GitHub took a snapshot of all projects posted on the repository. About 2TB of data is stored on film reels, which are expected to last for 1,000 years. (Image Credit: GitHub)


Every project posted on GitHub before February 2, 2020 has been successfully stored away in an Arctic vault for 1,000 years. Last year, the code-hosting platform first revealed its plan as part of the Archiving Program. However, the pandemic set those plans back, but GitHub announced that the code was deposited on July 8 in a decommissioned coal mine.


The code-hosting platform took a snapshot of all active public repositories on February 2. GitHub states that 21TB of repository data and important dormant ones have been written on 186 digital photosensitive archival piqlFilm. These reels, expected to last 1,000 years, were transported to Svalbard, Norway, and were deposited in the Arctic Code Vault on July 8.  The reels are buried in a chamber deep inside hundreds of meters of permafrost. In the future, GitHub plans on laser-engraving all active repositories on quartz glass platters, lasting for 10,000 years.

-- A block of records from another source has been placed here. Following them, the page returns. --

theorem proposition3p1:
  fixes e :: "complex^'n" and \<tau> :: real
    and T :: "nat \<Rightarrow> complex^'n^'n"
    and Q :: "complex^'n^'n"
    and a :: "nat \<Rightarrow> complex" and b y :: "nat \<Rightarrow> complex^'n"
    and B :: "nat \<Rightarrow> complex^'n^'n"
    and Tinf Binf :: "complex^'n^'n"
  assumes e_unit: "norm e = 1"
    and tau: "0 < \<tau>" "\<tau> < 1"
    and T0: "pos_op (T 0)"
    and T_rec: "\<And>k. T (Suc k) = op_sqrt (T k) ** (mat 1 - \<tau> *\<^sub>R ketbra e e) ** op_sqrt (T k)"
    and Q_def: "Q = mat 1 - ketbra e e"
    and a_def: "\<And>k. a k = cinner e (T k *v e)"
    and b_def: "\<And>k. b k = Q *v (T k *v e)"
    and B_def: "\<And>k. B k = Q ** T k ** Q"
    and y_def: "\<And>k. y k = Q *v (op_sqrt (T k) *v e)"
    and Tinf_def: "Tinf = lim T"
    and Binf_def: "Binf = Q ** Tinf ** Q"
  shows "T \<longlonglongrightarrow> Tinf
    \<and> (\<forall>k. a (Suc k) = of_real (1 - \<tau>) * a k + of_real (\<tau> * (norm (y k))\<^sup>2))
    \<and> (\<lambda>k. of_real (\<tau> * (norm (y k))\<^sup>2)) sums trace (B 0 - Binf)
    \<and> y \<longlonglongrightarrow> 0
    \<and> a \<longlonglongrightarrow> 0
    \<and> b \<longlonglongrightarrow> 0
    \<and> Tinf *v e = 0
    \<and> (\<forall>x. cinner e (Tinf *v x) = 0)"
proof -
  interpret damped_sqrt_iteration e \<tau> T
    using e_unit tau T0 T_rec by unfold_locales
  have T_lim: "T \<longlonglongrightarrow> Tinf"
    unfolding Tinf_def by (rule T_convergent)
  have a_eq: "a k = of_real (quad_form (T k) e)" for k
    unfolding a_def by (rule hermitian_cinner_real[OF pos_op_hermitian[OF pos_op_T]])
  have y_eq: "y = (\<lambda>k. P *v (S k *v e))"
    using y_def Q_def by auto
  have "b = (\<lambda>k. Q *v (T k *v e))"
    using b_def by auto
  then have "b \<longlonglongrightarrow> Q *v (Tinf *v e)"
    by (simp add: tendsto_matrix_vector_mult T_lim)
  then have "b \<longlonglongrightarrow> 0"
    using lim_T_e by (simp add: Tinf_def)
  moreover have "a \<longlonglongrightarrow> 0"
    unfolding a_eq by (rule tendsto_of_real[OF quad_form_T_e_tendsto_zero, simplified])
  moreover have "a (Suc k) = of_real (1 - \<tau>) * a k + of_real (\<tau> * (norm (y k))\<^sup>2)" for k
    unfolding a_eq y_eq quad_form_T_Suc by simp
  ultimately show ?thesis
    using T_lim sums_norm_P_S_e P_S_e_tendsto_zero lim_T_e cinner_e_lim_T
    by (simp add: y_eq B_def Binf_def Q_def Tinf_def)
qed

end
lemma ex_cong2pi_parity_iff:
  assumes N: "N > 0" and x: "real N * x = of_int D * pi"
  shows "(\<exists>k::int. cong2pi x (of_int (2 * k + q) * pi / real N)) \<longleftrightarrow> even (D - q)"
proof
  assume "\<exists>k::int. cong2pi x (of_int (2 * k + q) * pi / real N)"
  then obtain k j :: int where "x - of_int (2 * k + q) * pi / real N = 2 * pi * of_int j"
    unfolding cong2pi_def by blast
  then have "real N * x = of_int (2 * (k + int N * j) + q) * pi"
    using N by (simp add: field_simps)
  then have "of_int D * pi = of_int (2 * (k + int N * j) + q) * pi"
    unfolding x .
  then have "D = 2 * (k + int N * j) + q"
    by (simp only: mult_cancel_right of_int_eq_iff pi_neq_zero simp_thms)
  then show "even (D - q)" by simp
next
  assume "even (D - q)"
  then obtain k where "D = 2 * k + q" by (metis diff_add_cancel evenE)
  then have "real N * x = of_int (2 * k + q) * pi" using x by simp
  then have "x - of_int (2 * k + q) * pi / real N = 2 * pi * of_int 0"
    using N by (simp add: field_simps)
  then show "\<exists>k::int. cong2pi x (of_int (2 * k + q) * pi / real N)"
    unfolding cong2pi_def by blast
qed

lemma all_odd_iff_cong2pi:
  fixes N :: nat and b0 b1 d0 d1 :: real and S :: "bool \<Rightarrow> bool \<Rightarrow> int"
  assumes N: "N \<ge> 1"
    and S: "\<And>z0 z1. of_int (S z0 z1) * pi = real N * ((b1 + of_bool z1 * d1) - (b0 + of_bool z0 * d0))"
  shows "(\<forall>z0 z1. odd (S z0 z1)) \<longleftrightarrow>
    (\<exists>k::int. cong2pi d0 (of_int (2*k) * pi / real N)) \<and>
    (\<exists>k::int. cong2pi d1 (of_int (2*k) * pi / real N)) \<and>
    (\<exists>k::int. cong2pi (b0 - b1) (of_int (2*k+1) * pi / real N))"
proof -
  define D0 where "D0 = S False False - S True False"
  define D1 where "D1 = S False True - S False False"
  define E where "E = - S False False"
  have D0: "real N * d0 = of_int D0 * pi"
    using S[of False False] S[of True False] unfolding D0_def by (simp add: algebra_simps)
  have D1: "real N * d1 = of_int D1 * pi"
    using S[of False False] S[of False True] unfolding D1_def by (simp add: algebra_simps)
  have E: "real N * (b0 - b1) = of_int E * pi"
    using S[of False False] unfolding E_def by (simp add: algebra_simps)
  have S_pi: "of_int (S z0 z1) * pi = of_int (- E - of_bool z0 * D0 + of_bool z1 * D1) * pi" for z0 z1
    using S[of z0 z1] D0 D1 E by (cases z0; cases z1; simp add: algebra_simps; linarith)
  have S_lin: "S z0 z1 = - E - of_bool z0 * D0 + of_bool z1 * D1" for z0 z1
    using S_pi[of z0 z1] by (simp only: mult_cancel_right of_int_eq_iff pi_neq_zero simp_thms)
  have "N > 0" using N by simp
  note parity = ex_cong2pi_parity_iff[OF this]
  have "(\<forall>z0 z1. odd (S z0 z1)) \<longleftrightarrow> even D0 \<and> even D1 \<and> odd E"
    unfolding S_lin by (auto simp: all_bool_eq)
  moreover have "(\<exists>k::int. cong2pi d0 (of_int (2*k) * pi / real N)) \<longleftrightarrow> even D0"
    using parity[OF D0, of 0] by simp
  moreover have "(\<exists>k::int. cong2pi d1 (of_int (2*k) * pi / real N)) \<longleftrightarrow> even D1"
    using parity[OF D1, of 0] by simp
  moreover have "(\<exists>k::int. cong2pi (b0 - b1) (of_int (2*k+1) * pi / real N)) \<longleftrightarrow> odd E"
    using parity[OF E, of 1] by simp
  ultimately show ?thesis by simp
qed

section \<open>Sums and linear systems over \<open>\<int>\<^sub>2\<close>\<close>

lemma of_int_bit: "(of_int m :: bit) = of_bool (odd m)"
proof (cases "even m")
  case True
  then obtain k where "m = 2 * k" by (rule evenE)
  then show ?thesis by simp
next
  case False
  then obtain k where "m = 2 * k + 1" by (rule oddE)
  then show ?thesis by simp
qed

lemma bit_add_eq_of_int_iff:
  "(a + b :: bit) = of_int m \<longleftrightarrow> (odd m \<longleftrightarrow> odd a \<noteq> odd b)"
  unfolding of_int_bit by (cases a; cases b) simp_all

lemma sum_lessThan_add:
  "(\<Sum>i<m + n. f i) = (\<Sum>i<m. f i) + (\<Sum>j<n. f (m + j))" for f :: "nat \<Rightarrow> 'a::comm_monoid_add"
  by (induction n) (simp_all add: add.assoc)

lemma sum_if_eq_or_eq:
  fixes x :: "nat \<Rightarrow> 'a::semiring_1"
  assumes "p < n" "q < n" "p \<noteq> q"
  shows "(\<Sum>c<n. (if c = p \<or> c = q then 1 else 0) * x c) = x p + x q"
proof -
  have "(\<Sum>c<n. (if c = p \<or> c = q then 1 else 0) * x c)
      = (\<Sum>c<n. (if c = p then x c else 0) + (if c = q then x c else 0))"
    by (rule sum.cong) (use assms in auto)
  also have "\<dots> = x p + x q" using assms by (simp add: sum.distrib)
  finally show ?thesis .
qed

lemma index_mult_mat_vec_sum:
  "M \<in> carrier_mat n m \<Longrightarrow> x \<in> carrier_vec m \<Longrightarrow> i < n \<Longrightarrow>
    (M *\<^sub>v x) $ i = (\<Sum>c<m. M $$ (i, c) * x $ c)"
  by (simp add: scalar_prod_def atLeast0LessThan)

lemma (in vec_space) zero_sum_span:
  assumes T: "T \<subseteq> carrier_vec n" "\<And>u. u \<in> T \<Longrightarrow> (\<Sum>i<n. u $ i) = 0" and v: "v \<in> span T"
  shows "(\<Sum>i<n. v $ i) = 0"
proof -
  obtain a U where U: "v = lincomb a U" "finite U" "U \<subseteq> T" using v unfolding span_def by auto
  have Uc: "U \<subseteq> carrier_vec n" using U T by auto
  have "(\<Sum>i<n. v $ i) = (\<Sum>i<n. \<Sum>u\<in>U. a u * u $ i)"
    using lincomb_index[OF _ Uc] U by simp
  also have "\<dots> = (\<Sum>u\<in>U. a u * (\<Sum>i<n. u $ i))"
    by (subst sum.swap) (simp add: sum_distrib_left)
  also have "\<dots> = 0" using U T by (auto intro!: sum.neutral)
  finally show ?thesis .
qed

text \<open>The columns span a subspace of the hyperplane of zero-sum vectors of the same
  dimension \<open>n - 1\<close>, hence all of it.\<close>
lemma (in vec_space) exists_mult_vec_eq_of_rank_pred:
  assumes M: "M \<in> carrier_mat n nc" and rank: "rank M = n - 1" and n: "n \<ge> 1"
    and col_sums: "\<And>c. c < nc \<Longrightarrow> (\<Sum>i<n. M $$ (i, c)) = 0"
    and r: "r \<in> carrier_vec n" and r_sum: "(\<Sum>i<n. r $ i) = 0"
  shows "\<exists>x \<in> carrier_vec nc. M *\<^sub>v x = r"
proof (rule ccontr)
  assume "\<not> ?thesis"
  then have "r \<notin> span (set (cols M))"
    using col_space_eq[OF M] M unfolding col_space_def by auto
  have cols: "set (cols M) \<subseteq> carrier_vec n" "\<And>u. u \<in> set (cols M) \<Longrightarrow> (\<Sum>i<n. u $ i) = 0"
    using M col_sums by (auto simp: cols_def)
  have "\<exists>S. finite S \<and> maximal S (\<lambda>T. T \<subseteq> set (cols M) \<and> lin_indpt T) \<and> {} \<subseteq> S"
    by (rule maximal_exists_superset[of "set (cols M)"]) (auto simp: lin_dep_def)
  then obtain S where "finite S" and S: "maximal S (\<lambda>T. T \<subseteq> set (cols M) \<and> lin_indpt T)"
    by blast
  then have S_cols: "S \<subseteq> set (cols M)" and "lin_indpt S" unfolding maximal_def by auto
  have "card S = n - 1" using rank_card_indpt[OF M S] rank by simp
  have Sc: "S \<subseteq> carrier_vec n" using S_cols cols(1) by auto
  have "r \<notin> span S" using span_is_monotone[OF S_cols] \<open>r \<notin> span (set (cols M))\<close> by auto
  then have "r \<notin> S" using in_own_span[OF Sc] by auto
  have "lin_indpt (S \<union> {r})"
    using lin_dep_iff_in_span[OF Sc \<open>lin_indpt S\<close> r \<open>r \<notin> S\<close>] \<open>r \<notin> span S\<close> by simp
  moreover have "card (S \<union> {r}) = n" using \<open>card S = n - 1\<close> \<open>r \<notin> S\<close> \<open>finite S\<close> n by simp
  ultimately have "basis (S \<union> {r})"
    by (intro dim_li_is_basis) (use \<open>finite S\<close> Sc r dim_is_n in auto)
  then have "unit_vec n 0 \<in> span (S \<union> {r})" unfolding basis_def using n by auto
  moreover have "u \<in> S \<union> {r} \<Longrightarrow> (\<Sum>i<n. u $ i) = 0" for u
    using S_cols cols(2) r_sum by auto
  ultimately have "(\<Sum>i<n. unit_vec n 0 $ i) = (0 :: 'a)"
    using zero_sum_span[of "S \<union> {r}"] Sc r by blast
  then show False using n by (simp add: sum.remove[of _ 0])
qed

The snapshot includes the HEAD of the default branch of every repository, minus binaries that exceed 100kb.  Every repository is packaged as a TAR file, and to keep it efficient, most of the data is stored as QR codes. Github also engraved the reels with a guide that defines the principles of software. Before explaining the context of each project, GitHub added a disclaimer that shows the specifications needed for each project to work.


GitHub is also rolling out a special badge for developers in the highlights section of their profile. This is mainly aimed for those who contributed their projects to the Arctic vault. Their contributions can be displayed by hovering over the badge.  


So, why exactly is GitHub doing this? Even though software development rapidly progresses, GitHub believes that lost technologies may have benefited the world. For example, abandoned tech such as Roman concrete and anti-malarial DFDT found unexpected new uses. Additionally, the archive program doesn’t exist solely for future generations, but also for currently unforeseeable futures as well.


Although the code is stored there, how about digitizing it from the source to use again? It’s like storing floppy disks but not drives. Even if you have drives, will connectors exist in 500 years to go from IDE to whatever is standard? I suppose people can always hand-scribe all that code.